Number of lines below with the word "dots": state it and write nothing more.

Stored data entries
◆ ◆ ◆

section \<open>Conditional expectation given a set of coordinates\<close>

definition depends_only_on :: "nat set \<Rightarrow> ((nat \<Rightarrow> bool) \<Rightarrow> real) \<Rightarrow> bool" where
  "depends_only_on H Z \<longleftrightarrow> (\<forall>x y. (\<forall>j\<in>H. x j = y j) \<longrightarrow> Z x = Z y)"

lemma depends_only_on_cond_exp: "depends_only_on H (cond_exp P H Y)"
  unfolding depends_only_on_def
proof (intro allI impI)
  fix x y :: "nat \<Rightarrow> bool"
  assume "\<forall>j\<in>H. x j = y j"
  then have "{z. \<forall>j\<in>H. z j = x j} = {z. \<forall>j\<in>H. z j = y j}"
    by auto
  then show "cond_exp P H Y x = cond_exp P H Y y"
    unfolding cond_exp_def by simp
qed

lemma depends_only_on_mono: "depends_only_on H Z \<Longrightarrow> H \<subseteq> K \<Longrightarrow> depends_only_on K Z"
  unfolding depends_only_on_def by blast

lemma depends_only_on_diff:
  "depends_only_on H Y \<Longrightarrow> depends_only_on H Z \<Longrightarrow> depends_only_on H (\<lambda>x. Y x - Z x)"
  unfolding depends_only_on_def by metis

lemma depends_only_on_add:
  "depends_only_on H Y \<Longrightarrow> depends_only_on H Z \<Longrightarrow> depends_only_on H (\<lambda>x. Y x + Z x)"
  unfolding depends_only_on_def by metis

lemma cond_exp_cong:
  "(\<And>y. y \<in> set_pmf P \<Longrightarrow> Y y = Y' y) \<Longrightarrow> cond_exp P H Y x = cond_exp P H Y' x"
  unfolding cond_exp_def Let_def
  by (simp add: integral_cong_AE AE_measure_pmf_iff)

lemma cond_exp_diff:
  assumes "finite (set_pmf P)"
  shows "cond_exp P H (\<lambda>y. Y y - Z y) x = cond_exp P H Y x - cond_exp P H Z x"
  unfolding cond_exp_def Let_def
  by (simp add: integrable_measure_pmf_finite[OF assms] right_diff_distrib diff_divide_distrib)

lemma cond_exp_const: "x \<in> set_pmf P \<Longrightarrow> cond_exp P H (\<lambda>_. c) x = c"
  unfolding cond_exp_def Let_def
  by (auto dest!: measure_pmf_posI[where A = "{y. \<forall>j\<in>H. y j = x j}"])

lemma expectation_cond_exp_mult:
  assumes fin: "finite (set_pmf P)" and Z: "depends_only_on H Z"
  shows "measure_pmf.expectation P (\<lambda>x. cond_exp P H Y x * Z x)
       = measure_pmf.expectation P (\<lambda>x. Y x * Z x)"
proof -
  define S w where "S = set_pmf P" and "w = pmf P"
  define A where "A x = {y. \<forall>j\<in>H. y j = x j}" for x :: "nat \<Rightarrow> bool"
  define N where "N x = measure_pmf.prob P (A x)" for x
  have A_sym: "indicator (A x) y = (indicator (A y) x :: real)" for x y
    by (auto simp: A_def split: split_indicator)
  have A_eq: "A x = A y" "Z x = Z y" if "y \<in> A x" for x y
    using that Z by (auto simp: A_def depends_only_on_def)
  have N_pos: "N x > 0" if "x \<in> S" for x
    unfolding N_def using that by (intro measure_pmf_posI) (auto simp: S_def A_def)
  have N_sum: "N y = (\<Sum>x\<in>S. w x * indicator (A y) x)" for y
    unfolding N_def S_def w_def by (simp add: expectation_finite_pmf[OF fin, symmetric])
  have cond_exp_sum: "cond_exp P H Y x = (\<Sum>y\<in>S. w y * indicator (A x) y * Y y) / N x" if "x \<in> S" for x
    using N_pos[OF that] unfolding cond_exp_def Let_def N_def A_def S_def w_def
    by (simp add: expectation_finite_pmf[OF fin] mult.assoc)
  have "measure_pmf.expectation P (\<lambda>x. cond_exp P H Y x * Z x)
      = (\<Sum>x\<in>S. \<Sum>y\<in>S. w x * w y * indicator (A x) y * Y y * Z x / N x)"
    unfolding expectation_finite_pmf[OF fin] S_def[symmetric] w_def[symmetric]
    by (intro sum.cong refl)
       (simp add: cond_exp_sum sum_distrib_left sum_distrib_right sum_divide_distrib mult.assoc)
  txt \<open>If \<open>y \<in> A x\<close> then \<open>x\<close> and \<open>y\<close> lie in the same atom, so \<open>Z\<close> and \<open>N\<close> may be evaluated at \<open>y\<close>.\<close>
  also have "\<dots> = (\<Sum>y\<in>S. \<Sum>x\<in>S. w x * indicator (A y) x * (w y * Y y * Z y / N y))"
    by (subst sum.swap, intro sum.cong refl)
       (auto simp: A_sym N_def A_eq split: split_indicator)
  also have "\<dots> = (\<Sum>y\<in>S. w y * (Y y * Z y))"
  proof (intro sum.cong refl)
    fix y assume "y \<in> S"
    have "(\<Sum>x\<in>S. w x * indicator (A y) x * (w y * Y y * Z y / N y)) = N y * (w y * Y y * Z y / N y)"
      unfolding N_sum sum_distrib_right ..
    also have "\<dots> = w y * (Y y * Z y)"
      using N_pos[OF \<open>y \<in> S\<close>] by simp
    finally show "(\<Sum>x\<in>S. w x * indicator (A y) x * (w y * Y y * Z y / N y)) = w y * (Y y * Z y)" .
  qed
  also have "\<dots> = measure_pmf.expectation P (\<lambda>x. Y x * Z x)"
    unfolding expectation_finite_pmf[OF fin] S_def w_def ..
  finally show ?thesis .
qed

lemma expectation_cond_exp:
  "finite (set_pmf P) \<Longrightarrow> measure_pmf.expectation P (cond_exp P H Y) = measure_pmf.expectation P Y"
  using expectation_cond_exp_mult[of P H "\<lambda>_. 1" Y] by (simp add: depends_only_on_def)

lemma expectation_power2_cond_exp_residual:
  assumes fin: "finite (set_pmf P)"
  shows "measure_pmf.expectation P (\<lambda>x. (Y x - cond_exp P H Y x)\<^sup>2)
       = measure_pmf.expectation P (\<lambda>x. (Y x)\<^sup>2) - measure_pmf.expectation P (\<lambda>x. (cond_exp P H Y x)\<^sup>2)"
proof -
  have "measure_pmf.expectation P (\<lambda>x. (cond_exp P H Y x)\<^sup>2)
      = measure_pmf.expectation P (\<lambda>x. Y x * cond_exp P H Y x)"
    unfolding power2_eq_square by (rule expectation_cond_exp_mult[OF fin depends_only_on_cond_exp])
  then show ?thesis
    by (simp add: power2_diff integrable_measure_pmf_finite[OF fin] mult.assoc)
qed

lemma expectation_power2_cond_exp_le:
  assumes "finite (set_pmf P)"
  shows "measure_pmf.expectation P (\<lambda>x. (cond_exp P H Y x)\<^sup>2) \<le> measure_pmf.expectation P (\<lambda>x. (Y x)\<^sup>2)"
proof -
  have "0 \<le> measure_pmf.expectation P (\<lambda>x. (Y x - cond_exp P H Y x)\<^sup>2)"
    by (simp add: Bochner_Integration.integral_nonneg)
  then show ?thesis
    using expectation_power2_cond_exp_residual[OF assms, where Y = Y and H = H] by linarith
qed

lemma expectation_power2_cond_exp_residual_le:
  assumes "finite (set_pmf P)"
  shows "measure_pmf.expectation P (\<lambda>x. (Y x - cond_exp P H Y x)\<^sup>2) \<le> measure_pmf.expectation P (\<lambda>x. (Y x)\<^sup>2)"
proof -
  have "0 \<le> measure_pmf.expectation P (\<lambda>x. (cond_exp P H Y x)\<^sup>2)"
    by (simp add: Bochner_Integration.integral_nonneg)
  then show ?thesis
    using expectation_power2_cond_exp_residual[OF assms, where Y = Y and H = H] by linarith
qed

section \<open>Backfitting remainders\<close>

lemma expectation_g_fun:
  assumes fin: "finite (set_pmf P)"
  shows "measure_pmf.expectation P (g_fun P G p f m) = 0"
  unfolding g_fun_def expectation_cond_exp[OF fin]
  by (simp add: integrable_measure_pmf_finite[OF fin] expectation_cond_exp[OF fin])

lemma depends_only_on_R_seq:
  assumes "\<And>t. t \<in> {1..n} \<Longrightarrow> G (ms t) \<subseteq> D"
  shows "depends_only_on D (R_seq P G f ms n)"
  using assms
proof (induction n)
  case 0
  then show ?case by (simp add: depends_only_on_def)
next
  case (Suc n)
  have "depends_only_on D (cond_exp P (G (ms (Suc n))) (\<lambda>y. f y - R_seq P G f ms n y))"
    using Suc.prems by (intro depends_only_on_mono[OF depends_only_on_cond_exp]) auto
  with Suc show ?case
    by (simp add: depends_only_on_add)
qed

lemma expectation_R_seq:
  assumes fin: "finite (set_pmf P)" and mean0: "measure_pmf.expectation P f = 0"
  shows "measure_pmf.expectation P (R_seq P G f ms n) = 0"
proof (induction n)
  case (Suc n)
  then show ?case
    using mean0 by (simp add: integrable_measure_pmf_finite[OF fin] expectation_cond_exp[OF fin])
qed simp
section \<open>Irreducibility of \<open>V(I)\<close>\<close>

lemma Vz_subset_Vz_singleton_imp_rad:
  assumes g: "gring A" and I: "h_ideal A I" and a: "a \<in> car A {1}" and V: "Vz A I \<subseteq> Vz A {a}"
  shows "a \<in> rad A I"
proof (rule ccontr)
  assume "a \<notin> rad A I"
  then have "\<forall>n>0. pw A a n \<notin> I" using a unfolding rad_def by blast
  then obtain p where "prime_h A p" "I \<subseteq> p" "a \<notin> p"
    using prime_h_avoiding_powers[OF g I a] by blast
  then show False using V unfolding Vz_def spec_def by auto
qed

lemma zirreducible_Vz_if_prime_h:
  assumes "prime_h A I"
  shows "zirreducible A (Vz A I)"
  unfolding zirreducible_def
proof (intro conjI allI impI)
  have I: "I \<in> Vz A I" using assms unfolding Vz_def spec_def by auto
  then show "Vz A I \<noteq> {}" by auto
  show "Vz A I \<subseteq> spec A" unfolding Vz_def by auto
  fix F1 F2 assume F: "zclosed A F1 \<and> zclosed A F2 \<and> Vz A I \<subseteq> F1 \<union> F2"
  then obtain J1 J2 where J: "F1 = Vz A J1" "F2 = Vz A J2" unfolding zclosed_def by auto
  have "I \<in> F1 \<or> I \<in> F2" using F I by auto
  then have "J1 \<subseteq> I \<or> J2 \<subseteq> I" using J unfolding Vz_def by auto
  then show "Vz A I \<subseteq> F1 \<or> Vz A I \<subseteq> F2" using J unfolding Vz_def by auto
qed
lemma theta_reflect_perm4_2: "r \<in> {1..4} \<Longrightarrow> theta p r (pi/2 - w) = theta p (perm4 2 r) w"
  by (drule atLeastAtMost_1_4_cases) (elim disjE; simp only: perm4_2_simps theta_reflect)

lemma br_reflect:
  assumes p: "0 < p" "p < 1" and "\<alpha> > 0" and "\<alpha> * S = pi" and r: "r \<in> {1..4}"
  shows "br p \<alpha> r (S - y) = br_scale p \<alpha> (perm4 2 r) / br_scale p \<alpha> r * br p \<alpha> (perm4 2 r) y"
proof -
  have "\<alpha>/2 * (S - y) = (\<alpha> * S)/2 - \<alpha>/2 * y"
    by (simp add: right_diff_distrib)
  then have arg: "\<alpha>/2 * (S - y) = pi/2 - \<alpha>/2 * y"
    using \<open>\<alpha> * S = pi\<close> by simp
  have "br_scale p \<alpha> (perm4 2 r) \<noteq> 0"
    using br_scale_pos[OF p \<open>\<alpha> > 0\<close> perm4_2_in_range[OF r]] by simp
  then show ?thesis
    unfolding br_eq_theta_div_scale arg theta_reflect_perm4_2[OF r] by simp
qed

lemma br_ratio_reflect:
  assumes p: "0 < p" "p < 1" and "\<alpha> > 0" and "\<alpha> * S = pi" and r: "r \<in> {1..4}"
  shows "c * (br p \<alpha> r (S - A) * br p \<alpha> r (S - B)) / (br p \<alpha> r (S - C) * br p \<alpha> r (S - D))
       = c * (br p \<alpha> (perm4 2 r) A * br p \<alpha> (perm4 2 r) B) / (br p \<alpha> (perm4 2 r) C * br p \<alpha> (perm4 2 r) D)"
proof -
  have "br_scale p \<alpha> (perm4 2 r) / br_scale p \<alpha> r \<noteq> 0"
    using br_scale_pos[OF p \<open>\<alpha> > 0\<close> r] br_scale_pos[OF p \<open>\<alpha> > 0\<close> perm4_2_in_range[OF r]] by simp
  then show ?thesis
    unfolding br_reflect[OF assms] by (cases "br p \<alpha> (perm4 2 r) C * br p \<alpha> (perm4 2 r) D = 0") simp_all
qed

lemma br_pos:
  assumes p: "0 < p" "p < 1" and "\<alpha> > 0" and "\<alpha> * S = pi" and r: "r \<in> {1..4}"
    and "r = 1 \<Longrightarrow> 0 < x \<and> x < 2*S" and "r = 2 \<Longrightarrow> -S < x \<and> x < S"
  shows "br p \<alpha> r x > 0"
proof -
  have "theta p r (\<alpha>/2*x) > 0"
  proof -
    consider "r = 1" | "r = 2" | "r = 3" | "r = 4" using atLeastAtMost_1_4_cases[OF r] by blast
    then show ?thesis
    proof cases
      case 1
      then have "\<alpha> * x < \<alpha> * (2*S)" "0 < \<alpha>/2*x"
        using assms(6) \<open>\<alpha> > 0\<close> by simp_all
      then have "0 < \<alpha>/2*x" "\<alpha>/2*x < pi"
        using \<open>\<alpha> * S = pi\<close> by (simp_all add: algebra_simps)
      with 1 show ?thesis using theta_pos(3)[OF p] sin_gt_zero by blast
    next
      case 2
      then have "- (pi/2) < \<alpha>/2*x" "\<alpha>/2*x < pi/2"
        using assms(7) \<open>\<alpha> > 0\<close> \<open>\<alpha> * S = pi\<close> mult_strict_left_mono[of x S \<alpha>] mult_strict_left_mono[of "-S" x \<alpha>]
        by simp_all
      with 2 show ?thesis using theta_pos(4)[OF p] cos_gt_zero_pi by blast
    qed (use theta_pos[OF p] in auto)
  qed
  then show ?thesis
    unfolding br_eq_theta_div_scale using br_scale_pos[OF p \<open>\<alpha> > 0\<close> r] by simp
qed

section \<open>The tridiagonal matrix H\<close>

lemma prod_atLeastAtMost_1_4:
  "(\<Prod>r\<in>{1..4::nat}. f r) = f 1 * f 2 * f 3 * (f 4 :: 'a::comm_monoid_mult)"
proof -
  have "{1..4::nat} = {1,2,3,4}" by auto
  then show ?thesis by (simp add: mult.assoc)
qed

lemma sum_atLeastAtMost_1_4:
  "(\<Sum>r\<in>{1..4::nat}. f r) = f 1 + f 2 + f 3 + (f 4 :: 'a::comm_monoid_add)"
proof -
  have "{1..4::nat} = {1,2,3,4}" by auto
  then show ?thesis by (simp add: add.assoc)
qed

lemma alph_pos: "uu 1 > 0 \<Longrightarrow> uu 2 > 0 \<Longrightarrow> alph uu M > 0"
  by (simp add: alph_def)

lemma alph_mult_eq_pi: "uu 1 > 0 \<Longrightarrow> uu 2 > 0 \<Longrightarrow> alph uu M * (uu 1 + uu 2 + real M) = pi"
  by (simp add: alph_def)

lemma
  assumes p: "0 < p" "p < 1" and hu: "uu 1 > 0" "uu 2 > 0"
    and hv: "\<bar>vv 1\<bar> < uu 1 + 1/2" "\<bar>vv 2\<bar> < uu 2 + 1/2" and k: "1 \<le> k" "k \<le> M"
  shows aa_pos: "aa p uu vv M (int k) > 0"
    and aat_pos: "aat p uu vv M (int k) > 0"
proof -
  note br_pos = br_pos[OF p alph_pos[OF hu] alph_mult_eq_pi[OF hu]]
  have "1 \<le> real k" "real k \<le> real M" using k by auto
  then show "aa p uu vv M (int k) > 0" "aat p uu vv M (int k) > 0"
    unfolding aa_def aat_def Let_def prod_atLeastAtMost_1_4 perm4_2_simps
    by (intro mult_pos_pos divide_pos_pos br_pos; use hu hv in \<open>auto simp: abs_less_iff\<close>)+
qed

lemma alph_perm4_2: "alph (uu \<circ> perm4 2) M = alph uu M"
  by (simp add: alph_def perm4_def add.commute)

lemma aa_perm4_2: "aa p (uu \<circ> perm4 2) (vv \<circ> perm4 2) M k = aat p uu vv M k"
  unfolding aa_def aat_def Let_def alph_perm4_2 prod_atLeastAtMost_1_4 by (simp add: perm4_def)

lemma aat_perm4_2: "aat p (uu \<circ> perm4 2) (vv \<circ> perm4 2) M k = aa p uu vv M k"
  unfolding aa_def aat_def Let_def alph_perm4_2 prod_atLeastAtMost_1_4 by (simp add: perm4_def)

lemma cc_perm4_2:
  "r \<in> {1..4} \<Longrightarrow> cc p (uu \<circ> perm4 2) (vv \<circ> perm4 2) M u r = cc p uu vv M u (perm4 2 r)"
  unfolding cc_def Let_def alph_perm4_2 prod_atLeastAtMost_1_4
  by (drule atLeastAtMost_1_4_cases) (elim disjE; simp add: perm4_def mult_ac)

text \<open>Swapping the parameters by \<pi>_2 replaces u_1 + k by u_2 + k = S - (u_1 + (M - k)), S = u_1 + u_2 + M,
  and reflecting the brackets at S permutes the four summands of b_k by \<pi>_2.\<close>
lemma bb_perm4_2:
  assumes p: "0 < p" "p < 1" and hu: "uu 1 > 0" "uu 2 > 0" and i: "i \<le> M"
  shows "bb p (uu \<circ> perm4 2) (vv \<circ> perm4 2) M u (int i) = bb p uu vv M u (int (M - i))"
proof -
  define S where "S = uu 1 + uu 2 + real M"
  define m where "m = real_of_int (int (M - i))"
  let ?\<alpha> = "alph uu M"
  have args: "uu 2 + real_of_int (int i) + 1/2 + u = S - (uu 1 + m - 1/2 - u)"
    "uu 2 + real_of_int (int i) - 1/2 - u = S - (uu 1 + m + 1/2 + u)"
    "uu 2 + real_of_int (int i) + 1/2 = S - (uu 1 + m - 1/2)"
    "uu 2 + real_of_int (int i) - 1/2 = S - (uu 1 + m + 1/2)"
    "S - (uu 1 + m - 1/2) + u = S - (uu 1 + m - 1/2 - u)"
    "S - (uu 1 + m + 1/2) - u = S - (uu 1 + m + 1/2 + u)"
    using i by (auto simp: S_def m_def of_nat_diff)
  have u1: "(uu \<circ> perm4 2) 1 = uu 2" by (simp add: perm4_def)
  have "bb p (uu \<circ> perm4 2) (vv \<circ> perm4 2) M u (int i) =
     (\<Sum>r\<in>{1..4}. cc p uu vv M u (perm4 2 r) *
        (br p ?\<alpha> r (S - (uu 1 + m - 1/2 - u)) * br p ?\<alpha> r (S - (uu 1 + m + 1/2 + u)))
        / (br p ?\<alpha> r (S - (uu 1 + m - 1/2)) * br p ?\<alpha> r (S - (uu 1 + m + 1/2))))"
    unfolding bb_def Let_def alph_perm4_2 u1 args
    by (intro sum.cong refl) (simp only: cc_perm4_2)
  also have "\<dots> = (\<Sum>r\<in>{1..4}. cc p uu vv M u (perm4 2 r) *
        (br p ?\<alpha> (perm4 2 r) (uu 1 + m - 1/2 - u) * br p ?\<alpha> (perm4 2 r) (uu 1 + m + 1/2 + u))
        / (br p ?\<alpha> (perm4 2 r) (uu 1 + m - 1/2) * br p ?\<alpha> (perm4 2 r) (uu 1 + m + 1/2)))"
    using alph_mult_eq_pi[OF hu, of M]
    by (intro sum.cong refl br_ratio_reflect[OF p alph_pos[OF hu]]) (simp_all add: S_def)
  also have "\<dots> = bb p uu vv M u (int (M - i))"
    unfolding bb_def Let_def sum_atLeastAtMost_1_4 perm4_2_simps m_def[symmetric]
    by (simp add: mult.commute)
  finally show ?thesis .
qed

lemma Hent_perm4_2:
  assumes p: "0 < p" "p < 1" and hu: "uu 1 > 0" "uu 2 > 0" and i: "i \<le> M" and j: "j \<le> M"
  shows "Hent p (uu \<circ> perm4 2) (vv \<circ> perm4 2) M u i j = Hent p uu vv M u (M - i) (M - j)"
proof -
  consider "i = j" | "i = j + 1" | "j = i + 1" | "i \<noteq> j" "i \<noteq> j + 1" "j \<noteq> i + 1" by blast
  then show ?thesis
  proof cases
    case 1
    then show ?thesis using bb_perm4_2[OF p hu i] by (simp add: Hent_def)
  next
    case 2
    then have "M - j = M - i + 1" using i by simp
    with 2 i show ?thesis by (simp add: Hent_def aa_perm4_2 of_nat_diff)
  next
    case 3
    then have "M - i = M - j + 1" using j by simp
    with 3 j show ?thesis by (simp add: Hent_def aat_perm4_2 of_nat_diff)
  qed (use i j in \<open>auto simp: Hent_def\<close>)
qed

definition offdiag_prod :: "real \<Rightarrow> (nat \<Rightarrow> real) \<Rightarrow> (nat \<Rightarrow> real) \<Rightarrow> nat \<Rightarrow> nat \<Rightarrow> real" where
  "offdiag_prod p uu vv M l = aa p uu vv M (int l) * aat p uu vv M (int M + 1 - int l)"

lemma offdiag_prod_pos:
  assumes "0 < p" "p < 1" "uu 1 > 0" "uu 2 > 0" "\<bar>vv 1\<bar> < uu 1 + 1/2" "\<bar>vv 2\<bar> < uu 2 + 1/2"
    and "1 \<le> l" "l \<le> M"
  shows "offdiag_prod p uu vv M l > 0"
proof -
  have "int M + 1 - int l = int (M + 1 - l)" using \<open>l \<le> M\<close> by simp
  moreover have "aat p uu vv M (int (M + 1 - l)) > 0"
    using aat_pos[OF assms(1-6), of "M + 1 - l" M] assms(7,8) by simp
  ultimately show ?thesis
    unfolding offdiag_prod_def using aa_pos[OF assms] by simp
qed

lemma pp_eq_continuant:
  "pp p uu vv M u k E = continuant (\<lambda>i. E - bb p uu vv M u (int i)) (offdiag_prod p uu vv M) k"
proof -
  let ?T = "\<lambda>i j. (if i = j then E else 0) - Hent p uu vv M u i j"
  have "pp p uu vv M u k E = continuant (\<lambda>i. ?T i i) (\<lambda>i. ?T i (i - 1) * ?T (i - 1) i) k"
    unfolding pp_def by (rule det_tridiagonal) (auto simp: Hent_def)
  also have "\<dots> = continuant (\<lambda>i. E - bb p uu vv M u (int i)) (offdiag_prod p uu vv M) k"
  proof (rule continuant_cong)
    fix i assume "0 < i" "i < k"
    then have index: "int M - (int i - 1) = int M + 1 - int i" and "i - 1 \<noteq> Suc i" "i - 1 \<noteq> i"
      by auto
    with \<open>0 < i\<close> show "?T i (i - 1) * ?T (i - 1) i = offdiag_prod p uu vv M i"
      by (simp add: Hent_def offdiag_prod_def index of_nat_diff)
  qed (simp add: Hent_def)
  finally show ?thesis .
qed

text \<open>\<pi>_2 conjugates H by the reversal k \<mapsto> M - k, so the p_M of the permuted parameters is the
  continuant of H with its first row and column removed.\<close>
lemma pp_perm4_2_eq_continuant:
  assumes p: "0 < p" "p < 1" and hu: "uu 1 > 0" "uu 2 > 0"
  shows "pp p (uu \<circ> perm4 2) (vv \<circ> perm4 2) M u M E
     = continuant (\<lambda>i. E - bb p uu vv M u (int (Suc i))) (\<lambda>i. offdiag_prod p uu vv M (Suc i)) M"
proof -
  let ?H = "Hent p (uu \<circ> perm4 2) (vv \<circ> perm4 2) M u"
  let ?T = "\<lambda>i j. (if i = j then E else 0) - ?H i j"
  have "pp p (uu \<circ> perm4 2) (vv \<circ> perm4 2) M u M E = continuant (\<lambda>i. ?T i i) (\<lambda>i. ?T i (i - 1) * ?T (i - 1) i) M"
    unfolding pp_def by (rule det_tridiagonal) (auto simp: Hent_def)
  also have "\<dots> = continuant (\<lambda>i. E - bb p uu vv M u (int (Suc (M - 1 - i))))
      (\<lambda>i. offdiag_prod p uu vv M (Suc (M - i))) M"
  proof (rule continuant_cong)
    fix i assume "i < M"
    then show "?T i i = E - bb p uu vv M u (int (Suc (M - 1 - i)))"
      using Hent_perm4_2[OF p hu, of i M i vv u] by (simp add: Hent_def Suc_diff_Suc)
  next
    fix i assume i: "0 < i" "i < M"
    have "?H i (i - 1) = Hent p uu vv M u (M - i) (Suc (M - i))"
      using i Hent_perm4_2[OF p hu, of i M "i - 1" vv u] by (simp add: Suc_diff_Suc Suc_diff_le)
    moreover have "?H (i - 1) i = Hent p uu vv M u (Suc (M - i)) (M - i)"
      using i Hent_perm4_2[OF p hu, of "i - 1" M i vv u] by (simp add: Suc_diff_Suc Suc_diff_le)
    moreover have "int M - int (M - i) = int M + 1 - int (Suc (M - i))" using i by simp
    ultimately show "?T i (i - 1) * ?T (i - 1) i = offdiag_prod p uu vv M (Suc (M - i))"
      using i by (auto simp: Hent_def offdiag_prod_def mult.commute)
  qed
  also have "\<dots> = continuant (\<lambda>i. E - bb p uu vv M u (int (Suc i))) (\<lambda>i. offdiag_prod p uu vv M (Suc i)) M"
    by (rule continuant_reverse)
  finally show ?thesis .
qed

lemma eigenvalue_Hmat_imp_pp_eq_0:
  assumes "eigenvalue (Hmat p uu vv M u) E"
  shows "pp p uu vv M u (Suc M) E = 0"
proof -
  let ?A = "Hmat p uu vv M u"
  have A: "?A \<in> carrier_mat (Suc M) (Suc M)" by (simp add: Hmat_def)
  have "mat (Suc M) (Suc M) (\<lambda>(i,j). (if i = j then E else 0) - Hent p uu vv M u i j)
        = (-1) \<cdot>\<^sub>m char_matrix ?A E"
    by (rule eq_matI) (auto simp: char_matrix_def Hmat_def)
  moreover have "det (char_matrix ?A E) = 0"
    using assms eigenvalue_det[OF A] by simp
  ultimately show ?thesis
    unfolding pp_def using A by (simp add: char_matrix_def)
qed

◆ ◆ ◆

## Exercise output
9